lemma interpretation_of_extend_distribution:
  assumes "interpretation_of V p P" "finite V" "v \<notin> V" "\<forall>w\<in>Pow V. 0 \<le> \<gamma> w \<and> \<gamma> w \<le> 1"
    "(\<Sum>w\<in>Pow V. P w * \<gamma> w) = p v"
  shows "interpretation_of (insert v V) p (extend_distribution v \<gamma> P)"
  unfolding interpretation_of_def
proof (intro conjI ballI)
  fix w assume "w \<in> Pow (insert v V)"
  then have "w - {v} \<in> Pow V" by blast
  then have "0 \<le> P (w - {v})" "0 \<le> \<gamma> (w - {v})" "\<gamma> (w - {v}) \<le> 1"
    using assms(1,4) by (auto simp: interpretation_of_def)
  then show "0 \<le> extend_distribution v \<gamma> P w"
    unfolding extend_distribution_def by (metis diff_ge_0_iff_ge mult_nonneg_nonneg)
next
  show "(\<Sum>w\<in>Pow (insert v V). extend_distribution v \<gamma> P w) = 1"
    using sum_extend_distribution[OF assms(2,3), where S = "{}"] assms(1)
    by (simp add: interpretation_of_def Pow_def[symmetric])
next
  fix t assume "t \<in> insert v V"
  moreover have "{w \<in> Pow U. {t} \<subseteq> w} = {w \<in> Pow U. t \<in> w}" for U by blast
  ultimately show "(\<Sum>w\<in>{w \<in> Pow (insert v V). t \<in> w}. extend_distribution v \<gamma> P w) = p t"
    using sum_extend_distribution[OF assms(2,3), where S = "{t}"] assms(1,5)
    by (auto simp: interpretation_of_def Pow_def[symmetric])
qed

########

■ **Directions for this task**
Only the lines above from the one with "V) p (extend_distribution" up to and including the one with "for U by blast" should be repeated, exactly as written.

■ **Result of the task**
  shows "interpretation_of (insert v V) p (extend_distribution v \<gamma> P)"
  unfolding interpretation_of_def
proof (intro conjI ballI)
  fix w assume "w \<in> Pow (insert v V)"
  then have "w - {v} \<in> Pow V" by blast
  then have "0 \<le> P (w - {v})" "0 \<le> \<gamma> (w - {v})" "\<gamma> (w - {v}) \<le> 1"
    using assms(1,4) by (auto simp: interpretation_of_def)
  then show "0 \<le> extend_distribution v \<gamma> P w"
    unfolding extend_distribution_def by (metis diff_ge_0_iff_ge mult_nonneg_nonneg)
next
  show "(\<Sum>w\<in>Pow (insert v V). extend_distribution v \<gamma> P w) = 1"
    using sum_extend_distribution[OF assms(2,3), where S = "{}"] assms(1)
    by (simp add: interpretation_of_def Pow_def[symmetric])
next
  fix t assume "t \<in> insert v V"
  moreover have "{w \<in> Pow U. {t} \<subseteq> w} = {w \<in> Pow U. t \<in> w}" for U by blast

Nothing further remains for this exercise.